Task brief:
Find every line below where the word "open" occurs. Then say how many there are, giving only the number.

[Stored data]
================
lemma reduces_wavelet_perp: "reduces S wavelet_perp"
proof -
  have "\<exists>h1 h2. (f1, h1) \<in> S \<and> h1 \<in> wavelet_perp \<and> (f2, h2) \<in> S \<and> h2 \<in> l2_orth wavelet_perp"
    if fh: "(f, h) \<in> S" and f1: "f1 \<in> wavelet_perp" and f2: "f2 \<in> l2_orth wavelet_perp"
      and split: "aeq f (\<lambda>x. f1 x + f2 x)" for f h f1 f2
  proof -
    obtain g where g: "g \<in> S_param" "aeq f (D_minus_I g)"
      using S_paramE[OF fh] by blast
    obtain g1 where g1: "g1 \<in> wavelet_perp" and g2: "(\<lambda>x. g x - g1 x) \<in> l2_orth wavelet_perp"
      using l2_projection[OF closed_wavelet_perp S_param_L2[OF g(1)]] .
    define g2 where "g2 x = g x - g1 x" for x
    have g1_S: "g1 \<in> S_param"
      using g1 wavelet_perp_subset_S_param by blast
    have g2_S: "g2 \<in> S_param"
      unfolding g2_def[abs_def] by (rule closed_l2_subspace_diff[OF closed_S_param g(1) g1_S])
    have orth_M: "closed_l2_subspace (l2_orth wavelet_perp)"
      using wavelet_perp_L2 by (intro closed_l2_subspace_l2_orth) auto
    have D1: "D_minus_I g1 \<in> wavelet_perp" "iD_plus_I g1 \<in> wavelet_perp"
      using D_minus_I_iD_plus_I_mem[OF closed_wavelet_perp Dpow_mem_wavelet_perp g1] by auto
    have D2: "D_minus_I g2 \<in> l2_orth wavelet_perp" "iD_plus_I g2 \<in> l2_orth wavelet_perp"
      using D_minus_I_iD_plus_I_mem[OF orth_M Dpow_mem_l2_orth_wavelet_perp g2] by (auto simp: g2_def[abs_def])
    have "D_minus_I g = (\<lambda>x. D_minus_I g1 x + D_minus_I g2 x)"
      using D_minus_I_linear(1)[of g1 g2] by (simp add: g2_def)
    then have D_split: "D_minus_I g x = D_minus_I g1 x + D_minus_I g2 x" for x
      by simp
    have "aeq (\<lambda>x. (f1 x - D_minus_I g1 x) - (D_minus_I g2 x - f2 x)) (\<lambda>x. 0)"
      using split g(2) unfolding aeq_def
    proof eventually_elim
      case (elim x)
      then show ?case
        using D_split[of x] by (simp add: algebra_simps)
    qed
    then have "aeq (\<lambda>x. f1 x - D_minus_I g1 x) (\<lambda>x. D_minus_I g2 x - f2 x)"
      by (simp add: aeq_diff_eq_0_iff)
    then have "aeq (\<lambda>x. f1 x - D_minus_I g1 x) (\<lambda>x. 0)"
      by (rule aeq_0_if_aeq_l2_orth[OF closed_wavelet_perp closed_l2_subspace_diff[OF closed_wavelet_perp f1 D1(1)]
          closed_l2_subspace_diff[OF orth_M D2(1) f2]])
    with \<open>aeq (\<lambda>x. f1 x - D_minus_I g1 x) (\<lambda>x. D_minus_I g2 x - f2 x)\<close>
    have null: "aeq (\<lambda>x. f1 x - D_minus_I g1 x) (\<lambda>x. 0)" "aeq (\<lambda>x. D_minus_I g2 x - f2 x) (\<lambda>x. 0)"
      by (simp, rule aeq_trans[OF aeq_sym])
    have "(f1, iD_plus_I g1) \<in> S"
      using null(1) wavelet_perp_L2[OF f1] iD_plus_I_L2[OF S_param_L2[OF g1_S]]
      by (intro S_cong_aeq[OF S_param_S[OF g1_S]]) (simp_all add: aeq_diff_eq_0_iff aeq_sym)
    moreover have "(f2, iD_plus_I g2) \<in> S"
      using null(2) l2_orth_L2[OF f2] iD_plus_I_L2[OF S_param_L2[OF g2_S]]
      by (intro S_cong_aeq[OF S_param_S[OF g2_S]]) (simp_all add: aeq_diff_eq_0_iff)
    ultimately show ?thesis
      using D1(2) D2(2) by blast
  qed
  with closed_wavelet_perp show ?thesis
    unfolding reduces_def by blast
qed

text \<open>Inside \<open>wavelet_perp\<subseteq>S_param\<close> the operator \<open>S\<close> agrees with the self-adjoint \<open>A\<close>, so \<open>S - iI\<close> maps onto \<open>wavelet_perp\<close>.\<close>

lemma aeq_0_if_orth_S_minus_i_wavelet_perp:
  assumes d: "d \<in> wavelet_perp"
    and orth: "\<And>f h. (f, h) \<in> S \<Longrightarrow> f \<in> wavelet_perp \<Longrightarrow> h \<in> wavelet_perp \<Longrightarrow> l2_inner (\<lambda>x. h x - \<i> * f x) d = 0"
  shows "aeq d (\<lambda>x. 0)"
proof -
  define y where "y x = (1 / (2 * \<i>)) * d x" for x
  have y: "y \<in> wavelet_perp"
    unfolding y_def[abs_def] by (rule closed_l2_subspace_scale[OF closed_wavelet_perp d])
  have "(\<lambda>x. iD_plus_I y x - \<i> * D_minus_I y x) = d"
    unfolding iD_plus_I_minus_D_minus_I by (simp add: y_def)
  then have "l2_inner d d = 0"
    using orth[OF S_param_S D_minus_I_iD_plus_I_mem[OF closed_wavelet_perp Dpow_mem_wavelet_perp y]] y wavelet_perp_subset_S_param by auto
  then show ?thesis
    using wavelet_perp_L2[OF d] by (intro l2_inner_self_eq_0D)
qed

lemma mem_S_if_adjoint_in_wavelet_perp:
  assumes g: "g \<in> wavelet_perp" and k: "k \<in> wavelet_perp"
    and adj: "\<And>f h. (f, h) \<in> S \<Longrightarrow> f \<in> wavelet_perp \<Longrightarrow> h \<in> wavelet_perp \<Longrightarrow> l2_inner h g = l2_inner f k"
  shows "(g, k) \<in> S"
proof -
  have g_L2: "g \<in> L2" and k_L2: "k \<in> L2"
    using g k by (simp_all add: wavelet_perp_L2)
  define w where "w x = (1 / (2 * \<i>)) * (k x + \<i> * g x)" for x
  define y where "y = Dpow (-1) w"
  have y: "y \<in> wavelet_perp"
    unfolding y_def w_def[abs_def]
    by (intro Dpow_mem_wavelet_perp closed_l2_subspace_scale[OF closed_wavelet_perp] closed_l2_subspace_add[OF closed_wavelet_perp] k
        closed_l2_subspace_scale[OF closed_wavelet_perp] g)
  then have y_param: "y \<in> S_param"
    using wavelet_perp_subset_S_param by blast
  then have y_S: "(D_minus_I y, iD_plus_I y) \<in> S" and y_L2: "y \<in> L2"
    by (rule S_param_S, rule S_param_L2)
  define d where "d x = g x - D_minus_I y x" for x
  have d: "d \<in> wavelet_perp"
    unfolding d_def[abs_def]
    by (rule closed_l2_subspace_diff[OF closed_wavelet_perp g D_minus_I_iD_plus_I_mem(1)[OF closed_wavelet_perp Dpow_mem_wavelet_perp y]])
  have kd: "(\<lambda>x. k x - iD_plus_I y x) = (\<lambda>x. - \<i> * d x)"
  proof (rule ext)
    fix x
    have "iD_plus_I y x + \<i> * D_minus_I y x = k x + \<i> * g x"
      using fun_cong[OF iD_plus_I_plus_D_minus_I[of y], of x] by (simp add: y_def w_def Dpow_Dpow)
    then show "k x - iD_plus_I y x = - \<i> * d x"
      by (simp add: d_def algebra_simps)
  qed
  have "l2_inner (\<lambda>x. h x - \<i> * f x) d = 0" if fh: "(f, h) \<in> S" "f \<in> wavelet_perp" "h \<in> wavelet_perp" for f h
  proof -
    have f_L2: "f \<in> L2" and h_L2: "h \<in> L2"
      using fh by (simp_all add: wavelet_perp_L2)
    have "(D_minus_I y, iD_plus_I y) \<in> adjoint_op S"
      using symmetric y_S unfolding symmetric_op_def by blast
    then have "l2_inner h d = l2_inner f (\<lambda>x. k x - iD_plus_I y x)"
      using adj[OF fh] adjoint_opD[OF _ fh(1)] f_L2 h_L2 g_L2 k_L2 y_L2
      by (simp add: d_def[abs_def] l2_inner_diff_right D_minus_I_L2 iD_plus_I_L2)
    also have "\<dots> = \<i> * l2_inner f d"
      unfolding kd by (simp add: l2_inner_scale_right)
    finally show ?thesis
      using f_L2 h_L2 wavelet_perp_L2[OF d] by (simp add: l2_inner_diff_left L2_scale l2_inner_scale_left)
  qed
  then have "aeq d (\<lambda>x. 0)"
    by (rule aeq_0_if_orth_S_minus_i_wavelet_perp[OF d])
  show ?thesis
  proof (rule mem_S_if_aeq_D_minus_I[OF y_param g_L2 k_L2])
    show "k x - iD_plus_I y x = - \<i> * (g x - D_minus_I y x)" for x
      using fun_cong[OF kd, of x] by (simp add: d_def)
    show "aeq (\<lambda>x. g x - D_minus_I y x) (\<lambda>x. 0)"
      using \<open>aeq d (\<lambda>x. 0)\<close> by (simp add: d_def[abs_def])
  qed
qed

lemma selfadjoint_wavelet_perp: "selfadjoint_in wavelet_perp (S \<inter> (wavelet_perp \<times> wavelet_perp))"
  unfolding selfadjoint_in_def
proof (intro set_eqI iffI)
  fix p
  assume p: "p \<in> S \<inter> wavelet_perp \<times> wavelet_perp"
  then obtain g k where gk: "p = (g, k)" "(g, k) \<in> S" "g \<in> wavelet_perp" "k \<in> wavelet_perp"
    by auto
  then have "(g, k) \<in> adjoint_op S"
    using symmetric unfolding symmetric_op_def by blast
  with gk show "p \<in> {(g, k). g \<in> wavelet_perp \<and> k \<in> wavelet_perp \<and> (\<forall>(f, h)\<in>S \<inter> wavelet_perp \<times> wavelet_perp. l2_inner h g = l2_inner f k)}"
    by (auto dest: adjoint_opD)
next
  fix p
  assume "p \<in> {(g, k). g \<in> wavelet_perp \<and> k \<in> wavelet_perp \<and> (\<forall>(f, h)\<in>S \<inter> wavelet_perp \<times> wavelet_perp. l2_inner h g = l2_inner f k)}"
  then obtain g k where gk: "p = (g, k)" "g \<in> wavelet_perp" "k \<in> wavelet_perp"
    and adj: "\<forall>(f, h)\<in>S \<inter> wavelet_perp \<times> wavelet_perp. l2_inner h g = l2_inner f k"
    by blast
  have "(g, k) \<in> S"
    using gk(2,3) by (rule mem_S_if_adjoint_in_wavelet_perp) (use adj in blast)
  with gk show "p \<in> S \<inter> wavelet_perp \<times> wavelet_perp"
    by blast
qed

lemma wavelet_perp_trivial:
  assumes "f \<in> wavelet_perp"
  shows "aeq f (\<lambda>x. 0)"
proof (rule ccontr)
  assume "\<not> aeq f (\<lambda>x. 0)"
  with assms reduces_wavelet_perp selfadjoint_wavelet_perp
  have "\<exists>M'. reduces S M' \<and> (\<exists>f\<in>M'. \<not> aeq f (\<lambda>x. 0)) \<and> selfadjoint_in M' (S \<inter> (M' \<times> M'))"
    by blast
  with simple show False
    unfolding simple_op_def by blast
qed

lemma onb_wavelet: "onb_family L2 UNIV wavelet"
proof (rule onb_familyI[OF wavelet_L2 wavelet_orthonormal])
  have V: "closed_l2_subspace (l2_closure (l2_span wavelet))"
    by (rule closed_l2_subspace_l2_closure_l2_span[OF wavelet_L2])
  have "range wavelet \<subseteq> l2_closure (l2_span wavelet)"
    using range_subset_l2_span subset_l2_closure[OF l2_span_L2[OF wavelet_L2]] by (rule order_trans)
  then have "l2_orth (l2_closure (l2_span wavelet)) \<subseteq> wavelet_perp"
    unfolding wavelet_perp_def by (rule l2_orth_antimono)
  then show "L2 \<subseteq> l2_closure (l2_span wavelet)"
    using wavelet_perp_trivial by (intro L2_subset_if_l2_orth_trivial[OF V]) blast
qed

end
================
Written solution:
3